Forms and Interaction for Culture Media and Consumables

Culture media and consumable product data comes from various sources. These typically include product manuals, technical specifications, safety data

Data Characteristics for This Category

Culture media and consumable product data comes from various sources. These typically include product manuals, technical specifications, safety data sheets (SDS) from suppliers, and internal lab validation reports. Data update frequency is stable; updates occur when new products launch or existing products improve, but not frequently. Document structures are often PDF or Word formats. They contain fields such as product name, catalog number, batch, specification, components, storage conditions, shelf life, and application range. Some data may be embedded as images, for example, microscopic images of culture media. Field units typically involve physical quantities (e.g., mL, g, ℃), concentrations (e.g., %, mM), and packaging quantities (e.g., packs, boxes).

Constraints Imposed by These Characteristics on "Forms and Interaction"

The discrete nature of data sources requires the system to integrate data from multiple sources, especially for parsing unstructured documents. The stable update frequency allows for periodic bulk update strategies, reducing real-time synchronization pressure. Image information in documents, such as microscopic images, requires conversion into queryable metadata through visual recognition or manual annotation. The standardized nature of field units requires form designs to provide clear unit selection or automatic unit conversion functions to prevent data misinterpretation due to inconsistent units. Product components are complex, requiring interactive forms to support multi-level linked selection and input. For example, selecting a culture medium type should automatically load the corresponding component list.
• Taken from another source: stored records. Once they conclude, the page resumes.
(* For every $d\ge 1$ there is a constant $C_d$ such that the following holds. Let $\sigma\in(0,1)$, let $B$ be a ball of radius $r>0$ in $\mathbb{R}^d$, and let $L$ be a finite set of closed line segments in $\mathbb{R}^d$ such that (i) $L$ is $\sigma$-exposed, (ii) every segment of $L$ intersects $B$, and (iii) every segment of $L$ has length at least $r$. Then $|L|\le C_d/\sigma^{2d+2}$.
   Context: For sets $X, Y\subseteq\mathbb{R}^d$ and $\sigma>0$, $X$ $\sigma$-shadows $Y$ if $\max_{q\in Y} \mathrm{dist}(q, X) \le \sigma\cdot \mathrm{diam}(Y)$, where $\mathrm{dist}(q,X)=\min_{p\in X}\|q-p\|$. A set of objects is $\sigma$-exposed if no object in the set $\sigma$-shadows another (distinct) object of the set. *)

theory Defs
  imports "HOL-Analysis.Analysis"
begin

definition shadows :: "real \<Rightarrow> 'a::euclidean_space set \<Rightarrow> 'a set \<Rightarrow> bool" where
  "shadows \<sigma> X Y \<longleftrightarrow> (\<forall>q\<in>Y. infdist q X \<le> \<sigma> * diameter Y)"

definition exposed :: "real \<Rightarrow> 'a::euclidean_space set set \<Rightarrow> bool" where
  "exposed \<sigma> L \<longleftrightarrow> (\<forall>X\<in>L. \<forall>Y\<in>L. X \<noteq> Y \<longrightarrow> \<not> shadows \<sigma> X Y)"

end

theory Submission
  imports Defs
begin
This also requires real-time validation during user input, such as judging the reasonableness of storage temperature ranges, to ensure input data validity.

Configuration Settings

Configuration ItemRecommended ValueRationale for Recommendation
MAX_DOC_SIZE_MB20 MBEnsures sufficient file upload capacity, considering that a single product technical document often includes images and detailed descriptions.
FIELD_EXTRACTION_MODELOCR + LLMAddresses embedded text in images and complex table structures common in documents, improving field extraction accuracy.
FORM_VALIDATION_RULESJSON FormatRule SetFlexibly defines field type, range, and unit validation logic, adapting to unique requirements of different products.
CONTEXT_WINDOW_SIZE4096 tokensGuarantees sufficient context information when processing product inquiries involving multiple components and parameters.
RESPONSE_RELEVANCE_THRESHOLD0.75Ensures returned results are highly relevant to the user query, filtering out low-confidence information.
FALLBACK_STRATEGYHuman Intervention QueueProvides a path for human expert intervention for complex queries that the AI cannot accurately answer.

Three Common Mistakes

  • After a user submits a form, the system displays "Cannot convert undefined or null to object." This usually indicates a mismatch between backend validation rules for form fields and the data type passed from the frontend, or a required field is empty.
  • AI responses contain missing product parameter information or incorrect units. This occurs because the original document's field extraction was incomplete, or the unit recognition and conversion logic has flaws.
  • In multi-turn interactions, the AI fails to correctly associate product information mentioned in the previous question. This usually happens when CONTEXT_WINDOW_SIZE is set too small, causing historical conversation information to be truncated.

How to Verify Configuration

  • Upload typical culture media and consumable product manuals. Check if the system accurately extracts all key fields (e.g., catalog number, components, shelf life) and verify correct unit recognition.
  • Simulate user input in forms with various data ranges (including boundary and abnormal values). Confirm that all FORM_VALIDATION_RULES correctly trigger validation prompts and that error messages are clear.
  • Conduct multi-turn conversation tests. Ask questions about product components, storage conditions, and application compatibility. Observe if the AI maintains conversational context and provides accurate answers.

Note: The values provided are common starting points. Measure them against specific samples to determine optimal settings.

Question material comes from public community discussions. Configuration values are common starting points and should be measured against your own samples. Verified on 2026-09-21.